The final launch of the platform would be phased in two part, the first would focus on sending its data-sharing architecture to all campuses connected with the network.

The Pacific Research Platform (PRP), would, within a few years, give participating universities and other research institutions the ability to move data 1,000 times faster compared to speeds on today's inter-campus shared internet.

The PRP's data sharing architecture, with end-to-end 10-100 gigabits per second (Gb/s) connections, will enable region-wide virtual co-location of data with computing resources and enhanced security options. PRP links most of the research universities on the West Coast (the 10 University of California campuses, San Diego State University, Caltech, USC, Stanford, University of Washington) via the Corporation for Education Network Initiatives in California (CENIC)/Pacific Wave's 100G infrastructure. To demonstrate extensibility PRP also connects the University of Hawaii System, Montana State University, the University of Illinois at Chicago, Northwestern, and the University of Amsterdam. Other research institutions in the PRP include Lawrence Berkeley National Laboratory (LBNL) and four national supercomputer centers (SDSC-UCSD, NERSC-LBNL, NAS-NASA Ames, and NCAR).
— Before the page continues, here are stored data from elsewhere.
lemma active_sum_hom_class: "w \<in> words_on (as_gens G Fam) \<Longrightarrow> \<phi> (cl w) = eval_word G w"
proof -
  assume w: "w \<in> words_on (as_gens G Fam)"
  then have "(SOME v. v \<in> cl w) \<in> cl w" by (meson pres_cong_reflI Image_singleton_iff someI)
  then show ?thesis
    unfolding active_sum_hom_def using eval_word_pres_cong by (metis Image_singleton_iff)
qed

lemma carrier_active_sum: "carrier S = {cl w | w. w \<in> words_on (as_gens G Fam)}"
  by (simp add: active_sum_def carrier_presented_group)

lemma mult_active_sum:
  "u \<in> words_on (as_gens G Fam) \<Longrightarrow> v \<in> words_on (as_gens G Fam) \<Longrightarrow> cl u \<otimes>\<^bsub>S\<^esub> cl v = cl (u @ v)"
  by (simp add: active_sum_def mult_presented_group)

lemma active_sum_hom_hom: "\<phi> \<in> hom S G"
  by (rule homI) (auto simp: carrier_active_sum active_sum_hom_class eval_word_closed mult_active_sum eval_word_append)

sublocale \<phi>: group_hom S G \<phi>
  by (simp add: group_hom.intro group_hom_axioms.intro active_sum_hom_hom S.group_axioms G.group_axioms)

lemma incl_closed: "F \<in> Fam \<Longrightarrow> f \<in> F \<Longrightarrow> incl F f \<in> carrier S"
  by (auto simp: incl_def carrier_active_sum)

lemma active_sum_hom_incl: "F \<in> Fam \<Longrightarrow> f \<in> F \<Longrightarrow> \<phi> (incl F f) = f"
  by (auto simp: incl_def active_sum_hom_class member_closed)

lemma class_relator: "r \<in> as_rels G Fam \<Longrightarrow> cl r = \<one>\<^bsub>S\<^esub>"
  by (simp add: active_sum_def word_class_relator as_rels_words_on)

lemma class_letter: "F \<in> Fam \<Longrightarrow> x \<in> F \<Longrightarrow> cl [((F, x), b)] = (if b then incl F x else inv\<^bsub>S\<^esub> (incl F x))"
  using word_class_letter_inv[of "(F, x)" "as_gens G Fam" "as_rels G Fam" True]
  by (simp add: incl_def active_sum_def)

lemma class_Cons:
  "fst l \<in> as_gens G Fam \<Longrightarrow> m # w \<in> words_on (as_gens G Fam) \<Longrightarrow>
    cl (l # m # w) = cl [l] \<otimes>\<^bsub>S\<^esub> cl (m # w)"
  using mult_active_sum[of "[l]" "m # w"] by simp

lemma incl_mult:
  assumes F: "F \<in> Fam" and x: "x \<in> F" and y: "y \<in> F"
  shows "incl F (x \<otimes>\<^bsub>G\<^esub> y) = incl F x \<otimes>\<^bsub>S\<^esub> incl F y"
proof -
  have xy: "x \<otimes>\<^bsub>G\<^esub> y \<in> F" using subgroup.m_closed[OF subgroup_member[OF F] x y] .
  let ?r = "[((F, x), True), ((F, y), True), ((F, x \<otimes>\<^bsub>G\<^esub> y), False)]"
  have "?r \<in> as_rels G Fam" using F x y unfolding as_rels_def by blast
  then have "incl F x \<otimes>\<^bsub>S\<^esub> (incl F y \<otimes>\<^bsub>S\<^esub> inv\<^bsub>S\<^esub> incl F (x \<otimes>\<^bsub>G\<^esub> y)) = \<one>\<^bsub>S\<^esub>"
    using F x y xy by (simp add: class_relator[symmetric] class_Cons class_letter)
  then show ?thesis
    using F x y xy incl_closed by (simp add: S.m_assoc[symmetric] S.inv_solve_right')
qed

lemma incl_one: "F \<in> Fam \<Longrightarrow> incl F \<one>\<^bsub>G\<^esub> = \<one>\<^bsub>S\<^esub>"
  using incl_mult[of F "\<one>\<^bsub>G\<^esub>" "\<one>\<^bsub>G\<^esub>"] incl_closed subgroup.one_closed[OF subgroup_member]
  by (metis G.one_closed G.r_one S.l_cancel_one')

lemma incl_inv: "F \<in> Fam \<Longrightarrow> x \<in> F \<Longrightarrow> incl F (inv\<^bsub>G\<^esub> x) = inv\<^bsub>S\<^esub> (incl F x)"
  using incl_mult[of F "inv\<^bsub>G\<^esub> x" x] incl_one incl_closed member_closed
    subgroup.m_inv_closed[OF subgroup_member]
  by (simp add: S.inv_equality)

lemma active_sum_induct [consumes 1, case_names one step]:
  assumes "s \<in> carrier S"
    and "P \<one>\<^bsub>S\<^esub>"
    and step: "\<And>F f s. F \<in> Fam \<Longrightarrow> f \<in> F \<Longrightarrow> s \<in> carrier S \<Longrightarrow> P s \<Longrightarrow> P (incl F f \<otimes>\<^bsub>S\<^esub> s)"
  shows "P s"
proof -
  obtain w where w: "w \<in> words_on (as_gens G Fam)" "s = cl w"
    using assms(1) by (auto simp: carrier_active_sum)
  have "P (cl w)" using w(1)
  proof (induct w)
    case Nil
    then show ?case using assms(2) by (simp add: active_sum_def one_presented_group)
  next
    case (Cons l w)
    obtain F x b where l: "l = ((F, x), b)" by (metis prod.collapse)
    have F: "F \<in> Fam" "x \<in> F" and w: "w \<in> words_on (as_gens G Fam)" using Cons l by auto
    have "cl [l] = incl F (if b then x else inv\<^bsub>G\<^esub> x)"
      using F by (simp add: l class_letter incl_inv)
    then have "cl (l # w) = incl F (if b then x else inv\<^bsub>G\<^esub> x) \<otimes>\<^bsub>S\<^esub> cl w"
      using mult_active_sum[of "[l]" w] F w by (simp add: l)
    then show ?case
      using step[OF F(1) _ _ Cons(1)[OF w]] F w subgroup.m_inv_closed[OF subgroup_member]
      by (auto simp: carrier_active_sum)
  qed
  then show ?thesis using w by simp
qed
definition Smat :: "(real^'r \<Rightarrow> real^'r \<Rightarrow> real) \<Rightarrow> real^'k::finite^'r::finite \<Rightarrow> ('m::finite \<Rightarrow> 'k) \<Rightarrow> real^'m^'m" where
  "Smat S W a = (\<chi> j i. S (feat W a j) (feat W a i))"

definition F1 :: "real^'k::finite^'r::finite \<Rightarrow> ('m::finite \<Rightarrow> 'k) \<Rightarrow> real^'m^'r" where
  "F1 W a = (\<chi> j i. feat W a i $ j)"

text \<open>F_(n) for n >= 1 (the value at n = 0 is a junk value and never used).\<close>
fun Fn :: "real^'m::finite^'m \<Rightarrow> (real^'r \<Rightarrow> real^'r \<Rightarrow> real) \<Rightarrow> real^'k::finite^'r::finite
           \<Rightarrow> ('m \<Rightarrow> 'k) \<Rightarrow> nat \<Rightarrow> real^'m^'r" where
  "Fn A S W a 0 = F1 W a"
| "Fn A S W a (Suc 0) = F1 W a"
| "Fn A S W a (Suc (Suc n)) = hadamard (Fn A S W a (Suc n) ** hadamard A (Smat S W a)) (F1 W a)"

definition fvec :: "real^'m::finite^'m \<Rightarrow> (real^'r \<Rightarrow> real^'r \<Rightarrow> real) \<Rightarrow> real^'k::finite^'r::finite
           \<Rightarrow> ('m \<Rightarrow> 'k) \<Rightarrow> nat \<Rightarrow> real^'r" where
  "fvec A S W a n = Fn A S W a n *v (\<chi> i. 1)"

text \<open>Walk types of length n: [K]^n, represented as lists of length n.\<close>
definition walk_types :: "nat \<Rightarrow> 'k list set" where
  "walk_types n = {v. length v = n}"

definition is_walk :: "real^'m::finite^'m \<Rightarrow> 'm list \<Rightarrow> bool" where
  "is_walk A p \<longleftrightarrow> (\<forall>k. Suc k < length p \<longrightarrow> A $ (p!k) $ (p!Suc k) = 1)"
lemma guided_score_combination_ge:
  fixes X s1 sm D1 Dm w a b2 \<alpha> \<beta> :: real
  assumes D1: "0 < D1" and Dm: "0 < Dm" and ratio: "D1 \<le> sqrt w * Dm" and w: "1 \<le> w"
    and a: "0 < a" "a \<le> 1" and b2: "b2 = 1 - a\<^sup>2" "0 < b2" and \<alpha>: "0 < \<alpha>" and \<beta>: "1 \<le> \<beta>"
    and s1: "(a * \<alpha> - X) / b2 \<le> s1" and sm: "sm \<le> (- a * \<alpha> - X) / b2"
    and X: "X \<le> \<alpha> * sqrt w / (2 * \<beta>)"
  shows "a * \<alpha> * sqrt w / (2 * \<beta> * b2) \<le> X + (w + 1) * s1 - w * ((D1 * s1 + Dm * sm) / (D1 + Dm))"
proof -
  define r \<kappa> where "r = sqrt w" and "\<kappa> = a * \<alpha> / b2"
  have r: "1 \<le> r" and w_eq: "w = r\<^sup>2"
    using w by (simp_all add: r_def)
  have \<kappa>: "0 < \<kappa>"
    using a \<alpha> b2 by (simp add: \<kappa>_def)
  have "2 * \<kappa> = (a * \<alpha> - X) / b2 - (- a * \<alpha> - X) / b2"
    by (simp add: \<kappa>_def diff_divide_distrib)
  also have "\<dots> \<le> s1 - sm"
    using s1 sm by (rule diff_mono)
  finally have mixing: "\<kappa> * r \<le> r\<^sup>2 * (Dm / (D1 + Dm)) * (s1 - sm)"
    using weighted_gap_ge[OF D1 Dm ratio[folded r_def] r] \<kappa> by simp
  have drift: "a\<^sup>2 * X / b2 \<le> \<kappa> * r / (2 * \<beta>)"
  proof (cases "X \<le> 0")
    case True
    then show ?thesis
      using \<kappa> r \<beta> b2 by (simp add: divide_nonpos_pos mult_nonneg_nonpos order.trans[of _ 0])
  next
    case False
    have "a\<^sup>2 * X \<le> a * X"
      using a False by (simp add: power2_eq_square)
    also have "\<dots> \<le> a * (\<alpha> * r / (2 * \<beta>))"
      using X a by (intro mult_left_mono) (auto simp: r_def)
    finally show ?thesis
      using b2 by (simp add: \<kappa>_def divide_right_mono field_simps)
  qed
  have "a * \<alpha> - X \<le> s1 * b2"
    using s1 b2(2) by (simp add: pos_divide_le_eq)
  then have "a * \<alpha> - a\<^sup>2 * X \<le> (X + s1) * b2"
    unfolding b2(1) by (simp add: algebra_simps)
  then have "\<kappa> - a\<^sup>2 * X / b2 \<le> X + s1"
    using b2(2) by (simp add: \<kappa>_def pos_divide_le_eq diff_divide_distrib[symmetric])
  moreover have "X + (w + 1) * s1 - w * ((D1 * s1 + Dm * sm) / (D1 + Dm))
      = X + s1 + r\<^sup>2 * (Dm / (D1 + Dm)) * (s1 - sm)"
    using D1 Dm by (simp add: w_eq field_simps)
  moreover have "\<kappa> * r / (2 * \<beta>) \<le> \<kappa> * r / 2"
    using \<kappa> r \<beta> by (intro divide_left_mono) auto
  moreover have "a * \<alpha> * sqrt w / (2 * \<beta> * b2) = \<kappa> * r / (2 * \<beta>)"
    by (simp add: \<kappa>_def r_def)
  ultimately show ?thesis
    using mixing drift \<kappa> r by linarith
qed

theorem lemma3p2:
  fixes p1 pm1 :: "real \<Rightarrow> real" and \<alpha>1 \<alpha>2 \<beta> T w t :: real and x :: "real \<Rightarrow> real"
  assumes "0 < \<alpha>1" and "\<alpha>1 < \<alpha>2" and "1 \<le> \<beta>" and "0 < T"
    and "is_density p1" and "is_density pm1"
    and "\<forall>y. y \<notin> {\<alpha>1..\<alpha>2} \<longrightarrow> p1 y = 0"
    and "\<forall>y. y \<notin> {-\<alpha>2..-\<alpha>1} \<longrightarrow> pm1 y = 0"
    and "\<forall>x1 \<in> {-\<alpha>2<..<-\<alpha>1}. \<forall>x2 \<in> {\<alpha>1<..<\<alpha>2}.
           1/\<beta> \<le> pm1 x1 / p1 x2 \<and> pm1 x1 / p1 x2 \<le> \<beta>"
    and "1 \<le> w"
    and "\<alpha>2\<^sup>2 \<le> ln w / 4" and "\<alpha>1 * sqrt w \<ge> ln w"
    and ode: "\<forall>s \<in> {0..<T}.
           (x has_real_derivative guided_field p1 pm1 T w s (x s)) (at s within {0..<T})"
    and "t \<in> {0..<T}" and "(sched_a T t)\<^sup>2 \<le> 1/2"
    and "x t \<le> min (ln w / (16 * \<alpha>2)) (\<alpha>1 * sqrt w / (2 * \<beta>))"
  shows "guided_field p1 pm1 T w t (x t)
           \<ge> sched_a T t * \<alpha>1 * sqrt w / (2 * \<beta> * (sched_b T t)\<^sup>2)"
proof -
  note \<alpha> = assms(1,2) and p1 = assms(5) and pm1 = assms(6)
  have supp1: "\<alpha>1 \<le> y \<and> y \<le> \<alpha>2" if "p1 y \<noteq> 0" for y
    using assms(7) that by auto
  have suppm1: "-\<alpha>2 \<le> y \<and> y \<le> -\<alpha>1" if "pm1 y \<noteq> 0" for y
    using assms(8) that by auto
  define a b X where "a = sched_a T t" and "b = sched_b T t" and "X = x t"
  have a: "0 < a" "a \<le> 1" "a\<^sup>2 \<le> 1/2"
    using assms(14,15) by (simp_all add: a_def sched_a_def)
  have b: "0 < b" "b\<^sup>2 = 1 - a\<^sup>2"
    using a(3) by (simp_all add: b_def sched_b_def a_def)
  have cond: "cond_density_t q T t = noised_density q a b" for q
    by (simp add: fun_eq_iff cond_density_t_def a_def b_def)
  have "(a * \<alpha>1 - X) / b\<^sup>2 \<le> score (noised_density p1 a b) X"
    using supp1 a(1) b by (intro score_noised_density_ge[OF p1]) auto
  moreover have "score (noised_density pm1 a b) X \<le> (- a * \<alpha>1 - X) / b\<^sup>2"
    using score_noised_density_le[OF pm1, of a b "- \<alpha>1" X] suppm1 a(1) b by auto
  moreover have "noised_density p1 a b X \<le> sqrt w * noised_density pm1 a b X"
    using a b \<alpha> assms(10,11,16)
    by (intro noised_density_ratio_le_sqrt[OF p1 pm1]) (auto simp: X_def dest: supp1 suppm1)
  ultimately have "a * \<alpha>1 * sqrt w / (2 * \<beta> * b\<^sup>2) \<le> guided_field p1 pm1 T w t X"
    using noised_density_pos[OF p1 b(1)] noised_density_pos[OF pm1 b(1)] a b \<alpha> assms(3,10,16)
    unfolding guided_field_eq_scores[OF p1 pm1 b(1)[unfolded b_def]] cond a_def[symmetric] b_def[symmetric]
    by (intro guided_score_combination_ge) (auto simp: X_def)
  then show ?thesis
    by (simp add: a_def b_def X_def)
qed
In addition, the PRP will interconnect with the NSF-funded Chameleon NSFCloud research testbed and the Chicago StarLight/MREN community.

Fifteen existing multi-campus data-intensive application teams act as drivers of the PRP, providing feedback over the five years to the technical design staff. These application areas include accelerator particle physics, astronomical telescope survey data, gravitational wave detector data analysis, galaxy formation and evolution, cancer genomics, human and microbiome 'omics integration, biomolecular structure modeling, natural disaster, climate, CO2 sequestration simulations, as well as scalable visualization, virtual reality, and ultra-resolution video. The PRP will be extensible both across other data-rich research domains as well as to other national and international networks, potentially leading to a national and eventually global data-intensive research cyberinfrastructure.